Borrelia organisms were harvested from blood culture and tested using single primers and loop mediated isothermal PCR (LAMP). Samples were harvested at either 6 days or at 8 weeks and DNA was extracted using one of three methods. In addition, pre-processing steps included Liberase treatments to release organisms from any residual attached collagen and human DNA removal. Combinations of processes were used to determine the best procedures for harvesting organisms, processing the pellet, and extracting DNA prior to using PCR. Of the total number of positive signals obtained, 9 of 45 (20%) gave positive signals when using plasmid primers specific for B. burgdorferi, 14 of 40 (35%) were positive when using OspC primers, and 25 of 47 (53%) were positive when using LAMP primers for the DNA that codes for 16S rRNA.

The causative agent of Lyme disease, Borrelia burgdorferi, has proven to be difficult to culture in the laboratory. While organisms from ticks are routinely cultured in research labs using BSK media, the human pathogen found in the bloodstream is difficult to culture in artificial media. Advanced Laboratory Services, Inc. (ALSI) uses a modified blood culture media containing BSK-H, 12% rabbit serum and a collagen matrix [1]. The culture media is inoculated with the patient’s blood and both short term (6 days) and long term cultures (8 to 16 weeks) are established. The 8 week to 16 week culture contains the collagen matrix. The use of this collagen matrix enhances the growth of Borrelia in the artificial laboratory culture media.

The positive control that is used to monitor these cultures is B. burgdorferi B31 ATCC 35210, originally isolated from an Ixodes dammini tick in New York. It is the type strain for B. burgdorferi,does not contain lipopolysaccharide, survives in experimentallyinfected human blood, is known to cause Lyme disease, is culturedat 34 °C in BSK-H media under microaerophilic conditions, growsat three to five days, and its genome has been sequenced. The negative control, Escherichia coli ATCC 25922, is designated FDA strain Seattle 1946 Serotype 06, Biotype 1. It does not produce verotoxin and is used as a Clinical Laboratory Standards Institute (CLSI) strain for antimicrobial testing and for microbial identification in automated testing devices.

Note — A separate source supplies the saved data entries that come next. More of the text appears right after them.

lemma is_path_iff_list_adj:
  "is_path V E L \<longleftrightarrow> L \<noteq> [] \<and> distinct L \<and> set L \<subseteq> V \<and>
     (\<forall>x\<in>set L. \<forall>y\<in>set L. E x y \<longleftrightarrow> list_adj L x y)"
proof
  assume p: "is_path V E L"
  then have d: "distinct L" and ne: "L \<noteq> []" and s: "set L \<subseteq> V"
    and e: "\<And>i j. i < length L \<Longrightarrow> j < length L \<Longrightarrow> E (L!i) (L!j) \<longleftrightarrow> (j = i + 1 \<or> i = j + 1)"
    unfolding is_path_def by blast+
  have "E x y \<longleftrightarrow> list_adj L x y" if xy: "x \<in> set L" "y \<in> set L" for x y
  proof -
    obtain i where i: "i < length L" "L!i = x"
      using xy(1) by (auto simp: in_set_conv_nth)
    obtain j where j: "j < length L" "L!j = y"
      using xy(2) by (auto simp: in_set_conv_nth)
    show ?thesis using e[OF i(1) j(1)] list_adj_nth_iff[OF d i(1) j(1)] i(2)[symmetric] j(2)[symmetric] by simp
  qed
  then show "L \<noteq> [] \<and> distinct L \<and> set L \<subseteq> V \<and> (\<forall>x\<in>set L. \<forall>y\<in>set L. E x y \<longleftrightarrow> list_adj L x y)"
    using d ne s by blast
next
  assume a: "L \<noteq> [] \<and> distinct L \<and> set L \<subseteq> V \<and> (\<forall>x\<in>set L. \<forall>y\<in>set L. E x y \<longleftrightarrow> list_adj L x y)"
  have key: "E (L!i) (L!j) \<longleftrightarrow> (j = i + 1 \<or> i = j + 1)" if ij: "i < length L" "j < length L" for i j
  proof -
    have "E (L!i) (L!j) \<longleftrightarrow> list_adj L (L!i) (L!j)"
      using a nth_mem[OF ij(1)] nth_mem[OF ij(2)] by blast
    then show ?thesis using list_adj_nth_iff[of L i j] a ij by simp
  qed
  from a have "L \<noteq> []" "distinct L" "set L \<subseteq> V" by auto
  then show "is_path V E L" unfolding is_path_def by (simp add: key)
qed

lemma Suc_mod_if: "i < n \<Longrightarrow> Suc i mod n = (if Suc i = n then 0 else Suc i)"
  by (cases "Suc i = n") simp_all

lemma is_holeI:
  assumes len: "length C \<ge> 4" and d: "distinct C" and sv: "set C \<subseteq> V"
    and e: "\<forall>x\<in>set C. \<forall>y\<in>set C. E x y \<longleftrightarrow> list_adj C x y \<or> (x = hd C \<and> y = last C) \<or> (x = last C \<and> y = hd C)"
  shows "is_hole V E C"
proof -
  let ?n = "length C"
  have cne: "C \<noteq> []" using len by auto
  have hd: "hd C = C!0" using cne by (simp add: hd_conv_nth)
  have lst: "last C = C!(?n - 1)" using cne by (simp add: last_conv_nth)
  have key: "E (C!i) (C!j) \<longleftrightarrow> (j = Suc i mod ?n \<or> i = Suc j mod ?n)" if ij: "i < ?n" "j < ?n" for i j
  proof -
    have n0: "0 < ?n" "?n - 1 < ?n" using len by auto
    have a1: "list_adj C (C!i) (C!j) \<longleftrightarrow> (j = i + 1 \<or> i = j + 1)"
      by (rule list_adj_nth_iff[OF d ij])
    have a2: "(C!i = hd C \<and> C!j = last C) \<longleftrightarrow> (i = 0 \<and> j = ?n - 1)"
      unfolding hd lst using nth_eq_iff_index_eq[OF d ij(1) n0(1)] nth_eq_iff_index_eq[OF d ij(2) n0(2)] by simp
    have a3: "(C!i = last C \<and> C!j = hd C) \<longleftrightarrow> (j = 0 \<and> i = ?n - 1)"
      unfolding hd lst using nth_eq_iff_index_eq[OF d ij(2) n0(1)] nth_eq_iff_index_eq[OF d ij(1) n0(2)] by (simp add: conj_commute)
    have a4: "(j = Suc i mod ?n \<or> i = Suc j mod ?n) \<longleftrightarrow>
        (j = i + 1 \<or> i = j + 1 \<or> (i = 0 \<and> j = ?n - 1) \<or> (j = 0 \<and> i = ?n - 1))"
      unfolding Suc_mod_if[OF ij(1)] Suc_mod_if[OF ij(2)] using ij len by auto
    have "E (C!i) (C!j) \<longleftrightarrow> list_adj C (C!i) (C!j) \<or> (C!i = hd C \<and> C!j = last C) \<or> (C!i = last C \<and> C!j = hd C)"
      by (rule e[rule_format, OF nth_mem[OF ij(1)] nth_mem[OF ij(2)]])
    then show ?thesis unfolding a1 a2 a3 a4 by (simp only: disj_assoc)
  qed
  show ?thesis using len d sv unfolding is_hole_def by (simp add: key)
qed

lemma graph_sym: "graph V E \<Longrightarrow> E x y \<Longrightarrow> E y x"
  unfolding graph_def by blast

lemma graph_irrefl: "graph V E \<Longrightarrow> \<not> E x x"
  unfolding graph_def by blast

Investigators have used PCR to target Borrelia species found in ticks. These methods have included the use of nested primers, single tube nested primers [2], non-nested primers, and real time PCR to amplify Borrelia DNA. Such techniques were used to amplify DNA from ticks found in Norway, Germany and Austria. The genetic targets in these studies included intergenic spacer regions, OspA and the flagellin gene [2-4]. LAMP technology has been used to target organisms directly from blood and to identify organisms grown in the laboratory [5,6].

In our study, LAMP was used to amplify small amounts of DNA in the presence of inhibitors from patient blood cultures. LAMP primers were designed to detect DNA that codes for the 16S ribosomal unit of B. burgdorferi. Two other primer constructions were also tested on prepared samples. These primers were directed against the DNA that codes for the surface antigen OspC [7] and DNA specific for B. burgdorferi that is carried on a stable plasmid (personal communication, Radhey Gupta). Samples were harvested from culture as described by Sapi et al. [1].

Liberase TL was used to release the organisms from any collagen that might be attached to the organism resulting from the harvesting process. Liberase TL was prepared using a stock solution of 2.5mg/mL, the equivalent of 13U/mL. 6µL of stock solution were added to 5mL PBS. This resulted in a final concentration of 2 U/mL in 1 X PBS which was added to the pellet in the tube and incubated for 4 min at 37 °C. Following the incubation period, 25µL of Proteinase K was added to the tube to stop the reaction. Tubes were stored at -20 °C until further use.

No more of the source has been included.